lemma EH_ratio_upper:
  fixes q :: real
  assumes hi: "block_surv + mix_err < q + 3 * mix_err" and q: "q + 3 * mix_err < 1"
  shows "EH / Theta \<le> (1 / real m + mix_delay * \<rho> / (1 - a - exp (-1))) / (1 - q - 3 * mix_err)"
proof -
  have lt1: "block_surv + mix_err < 1" using hi q by simp
  have ratio: "block_len / Theta = 1 / real m + mix_delay / Theta"
    using Theta_pos by (simp add: block_len_def mix_delay_def field_simps)
  have delay: "mix_delay / Theta \<le> mix_delay * \<rho> / (1 - a - exp (-1))"
  proof -
    have "mix_delay / Theta \<le> mix_delay / ((1 - a - exp (-1)) / \<rho>)"
      using Theta_lower asmall rho_pos mix_delay_nonneg Theta_pos by (intro divide_left_mono) auto
    then show ?thesis using rho_pos by (simp add: field_simps)
  qed
  have "EH \<le> block_len / (1 - (block_surv + mix_err))" by (rule EH_upper[OF lt1])
  also have "\<dots> \<le> block_len / (1 - q - 3 * mix_err)"
    using hi q lt1 block_len_pos by (intro divide_left_mono mult_pos_pos) auto
  finally have "EH / Theta \<le> block_len / (1 - q - 3 * mix_err) / Theta"
    using Theta_pos by (intro divide_right_mono) auto
  also have "\<dots> = (block_len / Theta) / (1 - q - 3 * mix_err)" by simp
  also have "\<dots> \<le> (1 / real m + mix_delay * \<rho> / (1 - a - exp (-1))) / (1 - q - 3 * mix_err)"
    unfolding ratio using delay q by (intro divide_right_mono) auto
  finally show ?thesis .
qed

lemma EH_ratio_lower:
  fixes q :: real
  assumes lo: "q - 3 * mix_err < block_surv - mix_err" and q: "0 < q - 3 * mix_err"
    and lt1: "block_surv + mix_err < 1"
  shows "1 / real m * (\<Sum>j<J. (1 - a) * (q - 3 * mix_err) ^ Suc j - real (Suc j) * (mix_delay * \<rho>))
    \<le> EH / Theta"
    (is "1 / real m * ?\<Sigma> \<le> _")
proof (cases "?\<Sigma> > 0")
  case False
  then have "1 / real m * ?\<Sigma> \<le> 0" by (intro mult_nonneg_nonpos) auto
  also have "0 \<le> EH / Theta" using Theta_pos by (simp add: EH_def)
  finally show ?thesis .
next
  case True
  have nonneg: "0 \<le> block_surv - mix_err" using lo q by simp
  have "(q - 3 * mix_err) ^ Suc j \<le> (block_surv - mix_err) ^ Suc j" for j
    using lo q by (intro power_mono) auto
  then have "?\<Sigma> \<le> (\<Sum>j<J. (1 - a) * (block_surv - mix_err) ^ Suc j - real (Suc j) * mix_delay * \<rho>)"
    using a_less_1 by (intro sum_mono) (simp add: mult.assoc mult_left_mono)
  then have "block_len * ?\<Sigma>
      \<le> (\<Sum>j<J. block_len * ((1 - a) * (block_surv - mix_err) ^ Suc j - real (Suc j) * mix_delay * \<rho>))"
    using block_len_pos by (simp add: sum_distrib_left[symmetric])
  also have "\<dots> \<le> EH" by (rule EH_lower[OF nonneg lt1])
  finally have "block_len * ?\<Sigma> / Theta \<le> EH / Theta" using Theta_pos by (simp add: divide_right_mono)
  moreover have "1 / real m \<le> block_len / Theta"
    using Theta_pos mix_delay_nonneg by (simp add: block_len_def mix_delay_def field_simps)
  then have "1 / real m * ?\<Sigma> \<le> block_len / Theta * ?\<Sigma>" using True by (intro mult_right_mono) auto
  ultimately show ?thesis by simp
qed
lemma delta_min_eq_Min_image:
  "delta_min x \<alpha> N =
     Min ((\<lambda>(m, n). dist_to_int (\<alpha> * of_int (x m) - \<alpha> * of_int (x n))) ` index_pairs N)"
  unfolding delta_min_def index_pairs_def by (rule arg_cong[where f = Min]) auto

lemma borel_measurable_delta_min [measurable]:
  "(\<lambda>\<alpha>. delta_min x \<alpha> N) \<in> borel_measurable borel"
  unfolding delta_min_eq_Min_image by (rule borel_measurable_Min) (auto split: prod.splits)

lemma delta_min_add_of_int: "delta_min x (\<alpha> + of_int k) N = delta_min x \<alpha> N"
proof -
  have "(\<alpha> + of_int k) * of_int (x m) - (\<alpha> + of_int k) * of_int (x n)
      = (\<alpha> * of_int (x m) - \<alpha> * of_int (x n)) + of_int (k * (x m - x n))" for m n
    by (simp add: algebra_simps)
  then have "dist_to_int ((\<alpha> + of_int k) * of_int (x m) - (\<alpha> + of_int k) * of_int (x n))
      = dist_to_int (\<alpha> * of_int (x m) - \<alpha> * of_int (x n))" for m n
    by (metis dist_to_int_add_of_int)
  then show ?thesis
    unfolding delta_min_def by (simp only:)
qed

lemma delta_min_mult_of_nat_le:
  assumes "2 \<le> N"
  shows "delta_min x (of_nat q * \<alpha>) N \<le> of_nat q * delta_min x \<alpha> N"
proof -
  have "delta_min x \<alpha> N
      \<in> (\<lambda>(m, n). dist_to_int (\<alpha> * of_int (x m) - \<alpha> * of_int (x n))) ` index_pairs N"
    unfolding delta_min_eq_Min_image using index_pairs_nonempty[OF assms] by (intro Min_in) auto
  then obtain m n where mn: "(m, n) \<in> index_pairs N"
    and min: "delta_min x \<alpha> N = dist_to_int (\<alpha> * of_int (x m) - \<alpha> * of_int (x n))"
    by auto
  have "delta_min x (of_nat q * \<alpha>) N
      \<le> dist_to_int (of_nat q * \<alpha> * of_int (x m) - of_nat q * \<alpha> * of_int (x n))"
    unfolding delta_min_eq_Min_image using mn by (intro Min_le) force+
  also have "\<dots> = dist_to_int (of_nat q * (\<alpha> * of_int (x m) - \<alpha> * of_int (x n)))"
    by (rule arg_cong[where f = dist_to_int]) (simp add: algebra_simps)
  also have "\<dots> \<le> of_nat q * delta_min x \<alpha> N"
    unfolding min by (rule dist_to_int_mult_of_nat_le)
  finally show ?thesis .
qed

========

§ What the task asks:
The listing above should be printed again in full, unchanged.

§ Solution:
lemma EH_ratio_upper:
  fixes q :: real
  assumes hi: "block_surv + mix_err < q + 3 * mix_err" and q: "q + 3 * mix_err < 1"
  shows "EH / Theta \<le> (1 / real m + mix_delay * \<rho> / (1 - a - exp (-1))) / (1 - q - 3 * mix_err)"
proof -
  have lt1: "block_surv + mix_err < 1" using hi q by simp
  have ratio: "block_len / Theta = 1 / real m + mix_delay / Theta"
    using Theta_pos by (simp add: block_len_def mix_delay_def field_simps)
  have delay: "mix_delay / Theta \<le> mix_delay * \<rho> / (1 - a - exp (-1))"
  proof -
    have "mix_delay / Theta \<le> mix_delay / ((1 - a - exp (-1)) / \<rho>)"
      using Theta_lower asmall rho_pos mix_delay_nonneg Theta_pos by (intro divide_left_mono) auto
    then show ?thesis using rho_pos by (simp add: field_simps)
  qed
  have "EH \<le> block_len / (1 - (block_surv + mix_err))" by (rule EH_upper[OF lt1])
  also have "\<dots> \<le> block_len / (1 - q - 3 * mix_err)"
    using hi q lt1 block_len_pos by (intro divide_left_mono mult_pos_pos) auto
  finally have "EH / Theta \<le> block_len / (1 - q - 3 * mix_err) / Theta"
    using Theta_pos by (intro divide_right_mono) auto
  also have "\<dots> = (block_len / Theta) / (1 - q - 3 * mix_err)" by simp
  also have "\<dots> \<le> (1 / real m + mix_delay * \<rho> / (1 - a - exp (-1))) / (1 - q - 3 * mix_err)"
    unfolding ratio using delay q by (intro divide_right_mono) auto
  finally show ?thesis .
qed

lemma EH_ratio_lower:
  fixes q :: real
  assumes lo: "q - 3 * mix_err < block_surv - mix_err" and q: "0 < q - 3 * mix_err"
    and lt1: "block_surv + mix_err < 1"
  shows "1 / real m * (\<Sum>j<J. (1 - a) * (q - 3 * mix_err) ^ Suc j - real (Suc j) * (mix_delay * \<rho>))
    \<le> EH / Theta"
    (is "1 / real m * ?\<Sigma> \<le> _")
proof (cases "?\<Sigma> > 0")
  case False
  then have "1 / real m * ?\<Sigma> \<le> 0" by (intro mult_nonneg_nonpos) auto
  also have "0 \<le> EH / Theta" using Theta_pos by (simp add: EH_def)
  finally show ?thesis .
next
  case True
  have nonneg: "0 \<le> block_surv - mix_err" using lo q by simp
  have "(q - 3 * mix_err) ^ Suc j \<le> (block_surv - mix_err) ^ Suc j" for j
    using lo q by (intro power_mono) auto
  then have "?\<Sigma> \<le> (\<Sum>j<J. (1 - a) * (block_surv - mix_err) ^ Suc j - real (Suc j) * mix_delay * \<rho>)"
    using a_less_1 by (intro sum_mono) (simp add: mult.assoc mult_left_mono)
  then have "block_len * ?\<Sigma>
      \<le> (\<Sum>j<J. block_len * ((1 - a) * (block_surv - mix_err) ^ Suc j - real (Suc j) * mix_delay * \<rho>))"
    using block_len_pos by (simp add: sum_distrib_left[symmetric])
  also have "\<dots> \<le> EH" by (rule EH_lower[OF nonneg lt1])
  finally have "block_len * ?\<Sigma> / Theta \<le> EH / Theta" using Theta_pos by (simp add: divide_right_mono)
  moreover have "1 / real m \<le> block_len / Theta"
    using Theta_pos mix_delay_nonneg by (simp add: block_len_def mix_delay_def field_simps)
  then have "1 / real m * ?\<Sigma> \<le> block_len / Theta * ?\<Sigma>" using True by (intro mult_right_mono) auto
  ultimately show ?thesis by simp
qed
lemma delta_min_eq_Min_image:
  "delta_min x \<alpha> N =
     Min ((\<lambda>(m, n). dist_to_int (\<alpha> * of_int (x m) - \<alpha> * of_int (x n))) ` index_pairs N)"
  unfolding delta_min_def index_pairs_def by (rule arg_cong[where f = Min]) auto

lemma borel_measurable_delta_min [measurable]:
  "(\<lambda>\<alpha>. delta_min x \<alpha> N) \<in> borel_measurable borel"
  unfolding delta_min_eq_Min_image by (rule borel_measurable_Min) (auto split: prod.splits)

lemma delta_min_add_of_int: "delta_min x (\<alpha> + of_int k) N = delta_min x \<alpha> N"
proof -
  have "(\<alpha> + of_int k) * of_int (x m) - (\<alpha> + of_int k) * of_int (x n)
      = (\<alpha> * of_int (x m) - \<alpha> * of_int (x n)) + of_int (k * (x m - x n))" for m n
    by (simp add: algebra_simps)
  then have "dist_to_int ((\<alpha> + of_int k) * of_int (x m) - (\<alpha> + of_int k) * of_int (x n))
      = dist_to_int (\<alpha> * of_int (x m) - \<alpha> * of_int (x n))" for m n
    by (metis dist_to_int_add_of_int)
  then show ?thesis
    unfolding delta_min_def by (simp only:)
qed

lemma delta_min_mult_of_nat_le:
  assumes "2 \<le> N"
  shows "delta_min x (of_nat q * \<alpha>) N \<le> of_nat q * delta_min x \<alpha> N"
proof -
  have "delta_min x \<alpha> N
      \<in> (\<lambda>(m, n). dist_to_int (\<alpha> * of_int (x m) - \<alpha> * of_int (x n))) ` index_pairs N"
    unfolding delta_min_eq_Min_image using index_pairs_nonempty[OF assms] by (intro Min_in) auto
  then obtain m n where mn: "(m, n) \<in> index_pairs N"
    and min: "delta_min x \<alpha> N = dist_to_int (\<alpha> * of_int (x m) - \<alpha> * of_int (x n))"
    by auto
  have "delta_min x (of_nat q * \<alpha>) N
      \<le> dist_to_int (of_nat q * \<alpha> * of_int (x m) - of_nat q * \<alpha> * of_int (x n))"
    unfolding delta_min_eq_Min_image using mn by (intro Min_le) force+
  also have "\<dots> = dist_to_int (of_nat q * (\<alpha> * of_int (x m) - \<alpha> * of_int (x n)))"
    by (rule arg_cong[where f = dist_to_int]) (simp add: algebra_simps)
  also have "\<dots> \<le> of_nat q * delta_min x \<alpha> N"
    unfolding min by (rule dist_to_int_mult_of_nat_le)
  finally show ?thesis .
qed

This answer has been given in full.